MATERIAL FOR THIS TASK:

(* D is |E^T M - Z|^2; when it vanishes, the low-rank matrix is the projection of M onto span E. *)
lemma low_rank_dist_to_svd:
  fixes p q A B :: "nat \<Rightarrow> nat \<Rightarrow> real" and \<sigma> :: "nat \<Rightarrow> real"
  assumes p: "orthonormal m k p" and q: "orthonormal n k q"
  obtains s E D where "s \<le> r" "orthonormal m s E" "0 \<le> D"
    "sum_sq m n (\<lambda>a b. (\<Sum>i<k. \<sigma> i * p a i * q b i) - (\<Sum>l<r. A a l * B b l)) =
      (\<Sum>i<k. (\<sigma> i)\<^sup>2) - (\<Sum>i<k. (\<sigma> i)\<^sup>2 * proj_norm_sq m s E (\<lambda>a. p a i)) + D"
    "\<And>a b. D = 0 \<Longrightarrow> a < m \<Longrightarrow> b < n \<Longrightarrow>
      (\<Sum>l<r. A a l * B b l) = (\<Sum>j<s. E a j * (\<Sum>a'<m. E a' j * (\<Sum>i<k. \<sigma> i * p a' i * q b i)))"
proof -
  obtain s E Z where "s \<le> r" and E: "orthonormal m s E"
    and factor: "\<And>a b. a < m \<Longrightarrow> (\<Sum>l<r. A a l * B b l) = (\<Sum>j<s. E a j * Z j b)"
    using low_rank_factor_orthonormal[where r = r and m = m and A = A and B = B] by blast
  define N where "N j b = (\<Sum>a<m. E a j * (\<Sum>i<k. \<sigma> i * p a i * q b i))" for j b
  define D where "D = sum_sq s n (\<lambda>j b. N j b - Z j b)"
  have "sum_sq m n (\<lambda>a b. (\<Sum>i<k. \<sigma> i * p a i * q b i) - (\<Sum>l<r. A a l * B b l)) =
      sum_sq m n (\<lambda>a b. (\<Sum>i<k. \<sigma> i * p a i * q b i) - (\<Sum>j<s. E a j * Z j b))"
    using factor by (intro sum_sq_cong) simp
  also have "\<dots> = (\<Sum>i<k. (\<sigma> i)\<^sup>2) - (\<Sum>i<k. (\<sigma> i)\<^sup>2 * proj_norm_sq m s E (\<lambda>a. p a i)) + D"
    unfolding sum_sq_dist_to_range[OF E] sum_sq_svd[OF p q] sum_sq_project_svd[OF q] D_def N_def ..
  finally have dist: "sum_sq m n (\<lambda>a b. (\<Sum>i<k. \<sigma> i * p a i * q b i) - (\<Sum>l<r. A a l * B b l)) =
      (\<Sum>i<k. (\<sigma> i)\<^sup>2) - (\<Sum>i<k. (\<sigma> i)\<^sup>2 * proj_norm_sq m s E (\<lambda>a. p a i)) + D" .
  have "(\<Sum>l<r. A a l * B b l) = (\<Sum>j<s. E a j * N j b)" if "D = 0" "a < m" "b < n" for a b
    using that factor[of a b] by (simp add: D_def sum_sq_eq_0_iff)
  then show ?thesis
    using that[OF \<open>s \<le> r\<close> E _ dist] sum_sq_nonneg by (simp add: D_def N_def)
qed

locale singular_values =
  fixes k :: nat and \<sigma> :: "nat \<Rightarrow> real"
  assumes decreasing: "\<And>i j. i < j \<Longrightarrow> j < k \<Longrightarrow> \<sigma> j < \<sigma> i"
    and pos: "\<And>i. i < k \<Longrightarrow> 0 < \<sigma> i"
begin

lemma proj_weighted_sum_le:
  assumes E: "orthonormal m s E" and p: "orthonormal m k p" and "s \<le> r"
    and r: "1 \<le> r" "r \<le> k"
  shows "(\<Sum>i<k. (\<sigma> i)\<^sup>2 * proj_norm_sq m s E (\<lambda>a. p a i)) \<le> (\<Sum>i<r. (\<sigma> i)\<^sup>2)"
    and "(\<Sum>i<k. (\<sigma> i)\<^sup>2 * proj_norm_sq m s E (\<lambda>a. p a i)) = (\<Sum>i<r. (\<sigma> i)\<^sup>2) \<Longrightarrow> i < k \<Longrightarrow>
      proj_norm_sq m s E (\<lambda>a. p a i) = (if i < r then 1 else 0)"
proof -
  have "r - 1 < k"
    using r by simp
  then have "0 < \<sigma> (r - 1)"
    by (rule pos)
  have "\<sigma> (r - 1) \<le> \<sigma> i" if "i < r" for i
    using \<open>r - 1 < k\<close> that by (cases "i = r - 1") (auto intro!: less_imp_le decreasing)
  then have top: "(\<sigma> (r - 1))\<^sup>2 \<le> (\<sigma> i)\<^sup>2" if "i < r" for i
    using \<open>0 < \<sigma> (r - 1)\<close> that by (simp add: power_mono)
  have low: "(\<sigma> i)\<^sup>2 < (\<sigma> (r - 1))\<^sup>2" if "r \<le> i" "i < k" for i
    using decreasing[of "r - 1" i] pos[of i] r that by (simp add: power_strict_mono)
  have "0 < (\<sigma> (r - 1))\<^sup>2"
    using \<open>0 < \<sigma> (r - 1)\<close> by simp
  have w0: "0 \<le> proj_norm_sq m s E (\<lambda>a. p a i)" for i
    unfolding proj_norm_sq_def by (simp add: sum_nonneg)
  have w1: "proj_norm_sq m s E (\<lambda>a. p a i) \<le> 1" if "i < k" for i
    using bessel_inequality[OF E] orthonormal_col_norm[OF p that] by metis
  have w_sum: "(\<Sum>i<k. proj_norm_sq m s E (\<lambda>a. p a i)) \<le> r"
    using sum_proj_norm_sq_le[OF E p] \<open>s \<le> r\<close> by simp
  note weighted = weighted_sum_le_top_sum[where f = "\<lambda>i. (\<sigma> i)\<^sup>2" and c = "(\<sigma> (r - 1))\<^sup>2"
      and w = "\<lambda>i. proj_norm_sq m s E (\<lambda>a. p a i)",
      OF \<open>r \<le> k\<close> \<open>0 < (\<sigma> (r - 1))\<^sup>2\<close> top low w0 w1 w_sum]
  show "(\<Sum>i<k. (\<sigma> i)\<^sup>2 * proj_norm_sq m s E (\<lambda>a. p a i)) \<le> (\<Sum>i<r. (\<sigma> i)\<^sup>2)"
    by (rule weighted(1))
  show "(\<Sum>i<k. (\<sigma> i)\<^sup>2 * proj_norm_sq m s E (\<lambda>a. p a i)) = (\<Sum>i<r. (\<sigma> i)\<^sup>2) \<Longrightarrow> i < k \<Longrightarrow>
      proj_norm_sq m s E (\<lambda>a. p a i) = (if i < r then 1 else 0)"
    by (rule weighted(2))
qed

EXERCISE: Output the lines above verbatim and in full.

EXPECTED ANSWER:
(* D is |E^T M - Z|^2; when it vanishes, the low-rank matrix is the projection of M onto span E. *)
lemma low_rank_dist_to_svd:
  fixes p q A B :: "nat \<Rightarrow> nat \<Rightarrow> real" and \<sigma> :: "nat \<Rightarrow> real"
  assumes p: "orthonormal m k p" and q: "orthonormal n k q"
  obtains s E D where "s \<le> r" "orthonormal m s E" "0 \<le> D"
    "sum_sq m n (\<lambda>a b. (\<Sum>i<k. \<sigma> i * p a i * q b i) - (\<Sum>l<r. A a l * B b l)) =
      (\<Sum>i<k. (\<sigma> i)\<^sup>2) - (\<Sum>i<k. (\<sigma> i)\<^sup>2 * proj_norm_sq m s E (\<lambda>a. p a i)) + D"
    "\<And>a b. D = 0 \<Longrightarrow> a < m \<Longrightarrow> b < n \<Longrightarrow>
      (\<Sum>l<r. A a l * B b l) = (\<Sum>j<s. E a j * (\<Sum>a'<m. E a' j * (\<Sum>i<k. \<sigma> i * p a' i * q b i)))"
proof -
  obtain s E Z where "s \<le> r" and E: "orthonormal m s E"
    and factor: "\<And>a b. a < m \<Longrightarrow> (\<Sum>l<r. A a l * B b l) = (\<Sum>j<s. E a j * Z j b)"
    using low_rank_factor_orthonormal[where r = r and m = m and A = A and B = B] by blast
  define N where "N j b = (\<Sum>a<m. E a j * (\<Sum>i<k. \<sigma> i * p a i * q b i))" for j b
  define D where "D = sum_sq s n (\<lambda>j b. N j b - Z j b)"
  have "sum_sq m n (\<lambda>a b. (\<Sum>i<k. \<sigma> i * p a i * q b i) - (\<Sum>l<r. A a l * B b l)) =
      sum_sq m n (\<lambda>a b. (\<Sum>i<k. \<sigma> i * p a i * q b i) - (\<Sum>j<s. E a j * Z j b))"
    using factor by (intro sum_sq_cong) simp
  also have "\<dots> = (\<Sum>i<k. (\<sigma> i)\<^sup>2) - (\<Sum>i<k. (\<sigma> i)\<^sup>2 * proj_norm_sq m s E (\<lambda>a. p a i)) + D"
    unfolding sum_sq_dist_to_range[OF E] sum_sq_svd[OF p q] sum_sq_project_svd[OF q] D_def N_def ..
  finally have dist: "sum_sq m n (\<lambda>a b. (\<Sum>i<k. \<sigma> i * p a i * q b i) - (\<Sum>l<r. A a l * B b l)) =
      (\<Sum>i<k. (\<sigma> i)\<^sup>2) - (\<Sum>i<k. (\<sigma> i)\<^sup>2 * proj_norm_sq m s E (\<lambda>a. p a i)) + D" .
  have "(\<Sum>l<r. A a l * B b l) = (\<Sum>j<s. E a j * N j b)" if "D = 0" "a < m" "b < n" for a b
    using that factor[of a b] by (simp add: D_def sum_sq_eq_0_iff)
  then show ?thesis
    using that[OF \<open>s \<le> r\<close> E _ dist] sum_sq_nonneg by (simp add: D_def N_def)
qed

locale singular_values =
  fixes k :: nat and \<sigma> :: "nat \<Rightarrow> real"
  assumes decreasing: "\<And>i j. i < j \<Longrightarrow> j < k \<Longrightarrow> \<sigma> j < \<sigma> i"
    and pos: "\<And>i. i < k \<Longrightarrow> 0 < \<sigma> i"
begin

lemma proj_weighted_sum_le:
  assumes E: "orthonormal m s E" and p: "orthonormal m k p" and "s \<le> r"
    and r: "1 \<le> r" "r \<le> k"
  shows "(\<Sum>i<k. (\<sigma> i)\<^sup>2 * proj_norm_sq m s E (\<lambda>a. p a i)) \<le> (\<Sum>i<r. (\<sigma> i)\<^sup>2)"
    and "(\<Sum>i<k. (\<sigma> i)\<^sup>2 * proj_norm_sq m s E (\<lambda>a. p a i)) = (\<Sum>i<r. (\<sigma> i)\<^sup>2) \<Longrightarrow> i < k \<Longrightarrow>
      proj_norm_sq m s E (\<lambda>a. p a i) = (if i < r then 1 else 0)"
proof -
  have "r - 1 < k"
    using r by simp
  then have "0 < \<sigma> (r - 1)"
    by (rule pos)
  have "\<sigma> (r - 1) \<le> \<sigma> i" if "i < r" for i
    using \<open>r - 1 < k\<close> that by (cases "i = r - 1") (auto intro!: less_imp_le decreasing)
  then have top: "(\<sigma> (r - 1))\<^sup>2 \<le> (\<sigma> i)\<^sup>2" if "i < r" for i
    using \<open>0 < \<sigma> (r - 1)\<close> that by (simp add: power_mono)
  have low: "(\<sigma> i)\<^sup>2 < (\<sigma> (r - 1))\<^sup>2" if "r \<le> i" "i < k" for i
    using decreasing[of "r - 1" i] pos[of i] r that by (simp add: power_strict_mono)
  have "0 < (\<sigma> (r - 1))\<^sup>2"
    using \<open>0 < \<sigma> (r - 1)\<close> by simp
  have w0: "0 \<le> proj_norm_sq m s E (\<lambda>a. p a i)" for i
    unfolding proj_norm_sq_def by (simp add: sum_nonneg)
  have w1: "proj_norm_sq m s E (\<lambda>a. p a i) \<le> 1" if "i < k" for i
    using bessel_inequality[OF E] orthonormal_col_norm[OF p that] by metis
  have w_sum: "(\<Sum>i<k. proj_norm_sq m s E (\<lambda>a. p a i)) \<le> r"
    using sum_proj_norm_sq_le[OF E p] \<open>s \<le> r\<close> by simp
  note weighted = weighted_sum_le_top_sum[where f = "\<lambda>i. (\<sigma> i)\<^sup>2" and c = "(\<sigma> (r - 1))\<^sup>2"
      and w = "\<lambda>i. proj_norm_sq m s E (\<lambda>a. p a i)",
      OF \<open>r \<le> k\<close> \<open>0 < (\<sigma> (r - 1))\<^sup>2\<close> top low w0 w1 w_sum]
  show "(\<Sum>i<k. (\<sigma> i)\<^sup>2 * proj_norm_sq m s E (\<lambda>a. p a i)) \<le> (\<Sum>i<r. (\<sigma> i)\<^sup>2)"
    by (rule weighted(1))
  show "(\<Sum>i<k. (\<sigma> i)\<^sup>2 * proj_norm_sq m s E (\<lambda>a. p a i)) = (\<Sum>i<r. (\<sigma> i)\<^sup>2) \<Longrightarrow> i < k \<Longrightarrow>
      proj_norm_sq m s E (\<lambda>a. p a i) = (if i < r then 1 else 0)"
    by (rule weighted(2))
qed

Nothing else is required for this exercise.